Berlinale 2019: Israelischer Film gewinnt Goldenen Bären - Nadav Lapid mit "Synonyme"

Bären auf Berlinale 2019 vergeben : Die Jury um Juliette Binoche hat gute Entscheidungen getroffen

Die Berlinale endete mit einer emotionalen Preisvergabe, und ihr Höhepunkt war die Ansprache des 43 Jahre alten Regisseurs Nadav Lapid aus Israel. Sein Drama „Synonymes“ gewann den Goldenen Bären für den besten Film.

Er dankte seiner Mutter, der Cutterin Era Lapid, die den Film geschnitten hatte und während der Produktion gestorben war. „Synonymes“ erzählt mit nervösen Bilder von einem Israeli, der nach Paris kommt und seine Heimat unbedingt hinter sich lassen möchte.

 Geehrt wurden auch zwei deutsche Beiträge: Angela Schanelec bekam den Silbernen Bären für die beste Regie. Ihr Film „Ich war zuhause, aber“ war der ästhetisch eigenwilligste Film in einem eher schwachen Wettbewerb. Sie erzählt meditativ von einer Mutter, die die beiden Kinder nach dem Tod des Mannes alleine aufzieht. Den Alfred-Bauer-Preis für „neue Perspektiven der Filmkunst“ erhielt Nora Fingscheidt. Ihr Debüt „Systemsprenger“ handelt von einem aggressiven Mädchen, das durch das Raster staatlicher Betreuung fällt. Ein berührender Film, der die ständige Überforderung in irritierende Bilder übersetzt.
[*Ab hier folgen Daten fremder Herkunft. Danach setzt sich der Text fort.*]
lemma higher_pderiv_eq_0_if_degree_less:
  "degree p < n \<Longrightarrow> (pderiv ^^ n) p = (0 :: 'a::{idom,ring_char_0} poly)"
  by (intro poly_eqI) (simp add: coeff_higher_pderiv coeff_eq_0)

lemma Dpoly_root_power:
  "Dpoly i ([:-b, 1:] ^ j) b = (if i = j then fact i else (0 :: 'a::{idom,ring_char_0}))"
proof -
  consider "i < j" | "i = j" | "j < i" by linarith
  then show ?thesis
  proof cases
    case 1 then show ?thesis using Dpoly_root_power_mult_below[of i j b 1] by simp
  next
    case 2 then show ?thesis using Dpoly_root_power_mult[of j b 1] by simp
  next
    case 3 then show ?thesis by (simp add: Dpoly_def degree_power_eq higher_pderiv_eq_0_if_degree_less)
  qed
qed

lemma Dpoly_order_neq_0:
  "p \<noteq> 0 \<Longrightarrow> Dpoly (order b p) p b \<noteq> (0 :: 'a::{idom,ring_char_0})"
proof -
  assume "p \<noteq> 0"
  then obtain f where f: "p = [:-b, 1:] ^ order b p * f" and "\<not> [:-b, 1:] dvd f"
    using order_decomp by blast
  then have "poly f b \<noteq> 0" by (simp add: poly_eq_0_iff_dvd)
  then show ?thesis by (subst f) (simp add: Dpoly_root_power_mult)
qed

lemma Dpoly_eq_0_if_root_power_dvd:
  "j < n \<Longrightarrow> [:-b, 1:] ^ n dvd p \<Longrightarrow> Dpoly j p (b :: 'a::idom) = 0"
  by (elim dvdE) (simp add: Dpoly_root_power_mult_below)

lemma root_power_dvd_if_Dpoly_eq_0:
  assumes "\<And>j. j < k \<Longrightarrow> Dpoly j p b = (0 :: 'a::{idom,ring_char_0})"
  shows "[:-b, 1:] ^ k dvd p"
proof (cases "p = 0")
  case False
  then have "k \<le> order b p" using assms Dpoly_order_neq_0 not_le by blast
  then show ?thesis by (simp add: order_divides)
qed simp

lemma taylor_poly_remainder:
  fixes p :: "'a::field_char_0 poly"
  obtains s where "p = (\<Sum>j\<le>k. smult (Dpoly j p b / fact j) ([:-b, 1:] ^ j)) + [:-b, 1:] ^ Suc k * s"
proof -
  define r where "r = p - (\<Sum>j\<le>k. smult (Dpoly j p b / fact j) ([:-b, 1:] ^ j))"
  have "Dpoly i r b = 0" if "i < Suc k" for i
  proof -
    have "(\<Sum>j\<le>k. Dpoly j p b / fact j * Dpoly i ([:-b, 1:] ^ j) b) = Dpoly i p b"
      using that by (simp add: Dpoly_root_power if_distrib cong: if_cong)
    then show ?thesis by (simp add: r_def Dpoly_diff Dpoly_sum Dpoly_smult)
  qed
  then obtain s where "r = [:-b, 1:] ^ Suc k * s"
    using root_power_dvd_if_Dpoly_eq_0 by (meson dvdE)
  then show ?thesis using that by (simp add: r_def algebra_simps)
qed

lemma order_linear_factor: "order \<gamma> [:-b, 1:] = (if \<gamma> = b then 1 else (0 :: nat))"
  using order_power_n_n[of b 1] by (auto intro: order_0I)

lemma complex_poly_eq_smult_if_order_eq:
  fixes p q :: "complex poly"
  assumes "p \<noteq> 0" "q \<noteq> 0" "\<And>b. order b p = order b q"
  shows "p = smult (lead_coeff p / lead_coeff q) q"
proof -
  define P where "P = (\<Prod>x\<in>#proots q. [:-x, 1:])"
  have "proots p = proots q" using assms by (intro multiset_eqI) simp
  then have p: "p = smult (lead_coeff p) P"
    unfolding P_def by (metis complex_poly_decompose_multiset)
  have q: "q = smult (lead_coeff q) P"
    unfolding P_def by (metis complex_poly_decompose_multiset)
  have "smult (lead_coeff p / lead_coeff q) (smult (lead_coeff q) P) = smult (lead_coeff p) P"
    using assms(2) by simp
  then show ?thesis using p q by metis
qed

definition cscale :: "('h::real_vector \<Rightarrow> 'h) \<Rightarrow> complex \<Rightarrow> 'h \<Rightarrow> 'h" where
  "cscale J c x = Re c *\<^sub>R x + Im c *\<^sub>R J x"

locale complex_structure =
  fixes J :: "'h::{real_inner,complete_space} \<Rightarrow> 'h"
  assumes linear_J: "linear J" and J_J [simp]: "J (J x) = - x" and norm_J [simp]: "norm (J x) = norm x"
begin

definition cfunctional :: "('h \<Rightarrow> complex) \<Rightarrow> bool" where
  "cfunctional L \<longleftrightarrow> bounded_linear L \<and> (\<forall>x. L (J x) = \<i> * L x)"

lemma J_add: "J (x + y) = J x + J y" and J_scaleR: "J (r *\<^sub>R x) = r *\<^sub>R J x"
  using linear_J by (simp_all add: linear_add linear_scale)

lemma bounded_linear_J: "bounded_linear J"
  by (rule bounded_linear_intro[of J 1]) (simp_all add: J_add J_scaleR)

lemma inner_J_J: "inner (J x) (J y) = inner x y"
proof -
  have "norm (J x + J y) ^ 2 = norm (x + y) ^ 2" by (metis J_add norm_J)
  moreover have "inner (J z) (J z) = inner z z" for z by (metis norm_J power2_norm_eq_inner)
  ultimately show ?thesis by (simp add: power2_norm_eq_inner inner_add inner_commute)
qed

lemma inner_J_right: "inner x (J y) = - inner (J x) y"
  using inner_J_J[of x "J y"] by simp

lemma bounded_linear_cscale: "bounded_linear (cscale J c)"
  unfolding cscale_def
  by (intro bounded_linear_add bounded_linear_scaleR_right bounded_linear_compose[OF _ bounded_linear_J])

lemma cfunctional_cscale: "cfunctional L \<Longrightarrow> L (cscale J c x) = c * L x"
  unfolding cfunctional_def cscale_def
  by (simp add: linear_add[OF bounded_linear.linear] linear_scale[OF bounded_linear.linear]
      complex_eq_iff)

lemma cfunctional_linear: "cfunctional L \<Longrightarrow> linear L"
  by (simp add: cfunctional_def bounded_linear.linear)

lemma cfunctional_add: "cfunctional L \<Longrightarrow> cfunctional M \<Longrightarrow> cfunctional (\<lambda>x. L x + M x)"
  by (simp add: cfunctional_def bounded_linear_add distrib_left)

lemma cfunctional_diff: "cfunctional L \<Longrightarrow> cfunctional M \<Longrightarrow> cfunctional (\<lambda>x. L x - M x)"
  by (simp add: cfunctional_def bounded_linear_sub right_diff_distrib)

lemma cfunctional_mult_left: "cfunctional L \<Longrightarrow> cfunctional (\<lambda>x. c * L x)"
  by (simp add: cfunctional_def bounded_linear_mult_right[THEN bounded_linear_compose] mult.left_commute)

lemma cfunctional_zero: "cfunctional (\<lambda>x. 0)"
  by (simp add: cfunctional_def bounded_linear_zero)

lemma cfunctional_sum: "(\<And>i. i \<in> A \<Longrightarrow> cfunctional (L i)) \<Longrightarrow> cfunctional (\<lambda>x. \<Sum>i\<in>A. L i x)"
  by (induction A rule: infinite_finite_induct) (simp_all add: cfunctional_zero cfunctional_add)

lemma cfunctional_comp:
  assumes "cfunctional L" "bounded_linear T" "\<And>x. T (J x) = J (T x)"
  shows "cfunctional (\<lambda>x. L (T x))"
  using assms by (simp add: cfunctional_def bounded_linear_compose)

lemma cfunctional_inner: "cfunctional (\<lambda>x. of_real (inner x v) + \<i> * of_real (inner x (J v)))"
  unfolding cfunctional_def
proof
  show "bounded_linear (\<lambda>x. of_real (inner x v) + \<i> * of_real (inner x (J v)))"
    by (intro bounded_linear_add bounded_linear_compose[OF bounded_linear_mult_right]
        bounded_linear_compose[OF bounded_linear_of_real] bounded_linear_inner_left)
  show "\<forall>x. of_real (inner (J x) v) + \<i> * of_real (inner (J x) (J v)) =
    \<i> * (of_real (inner x v) + \<i> * of_real (inner x (J v)))"
    by (simp add: inner_J_J inner_J_right[of _ v] algebra_simps)
qed

lemma cfunctional_separating:
  assumes "subspace M" "\<And>x. x \<in> M \<Longrightarrow> J x \<in> M" "u \<notin> closure M"
  obtains \<phi> where "cfunctional \<phi>" "\<And>x. x \<in> M \<Longrightarrow> \<phi> x = 0" "\<phi> u \<noteq> 0"
proof -
  obtain v where v: "\<And>s. s \<in> M \<Longrightarrow> inner s v = 0" and uv: "inner u v \<noteq> 0"
    using subspace_orthogonal_not_in_closure[OF assms(1,3)] by blast
  have "inner x (J v) = 0" if "x \<in> M" for x
    using v[OF assms(2)[OF that]] by (simp add: inner_J_right)
  then show ?thesis
    using that[OF cfunctional_inner[of v]] v uv by (simp add: complex_eq_iff)
qed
 Die Jury um Präsidentin Juliette Binoche hat gute Entscheidungen getroffen. Deutlichere Worte hätte man sich indes im Fall des chinesischen Regisseurs Zhang Yimou gewünscht. Er hatte während der Berlinale seinen Film aus dem Wettbewerb zurückgezogen – ein einmaliger Vorgang. Offiziell hieß es, es habe Probleme bei der Postproduktion gegeben. Viele vermuten jedoch, dass Yimou an der Zensur gescheitert ist. „Wir haben ihn sehr vermisst“, sagte Binoche. Vielleicht verstand sie die Silbernen Bären für die besten Hauptdarsteller als stilles Statement: Sie gingen an den chinesischen Beitrag „So Long My Son“. Wang Jingchun und Young Mei spielen darin Eltern, die ihr Kind verlieren. Der Film ist eine epische Anklage gegen die Ein-Kind-Politik.

Ebenfalls als Anklage kann man Francois Ozons Drama „Gelobt sei Gott“ verstehen. Der fast schon dokumentarische Film arbeitet den sexuellen Missbrauch in der katholischen Kirche auf. Das Drehbuch handelt von realen Ereignissen in Lyon. Derzeit läuft ein Prozess; die Anwälte versuchen, den Start zu verhindern. Ozon bekam den Großen Preis der Jury. Dieter Kosslick wurde nach 18 Jahren als Berlinale-Chef verabschiedet. Ihm rollten Tränen über die Wangen. Er umarmte seine Nachfolger Mariette Rissenbeeck und Carlo Chatrian. Ihre Berlinale beginnt am 20. Februar 2020.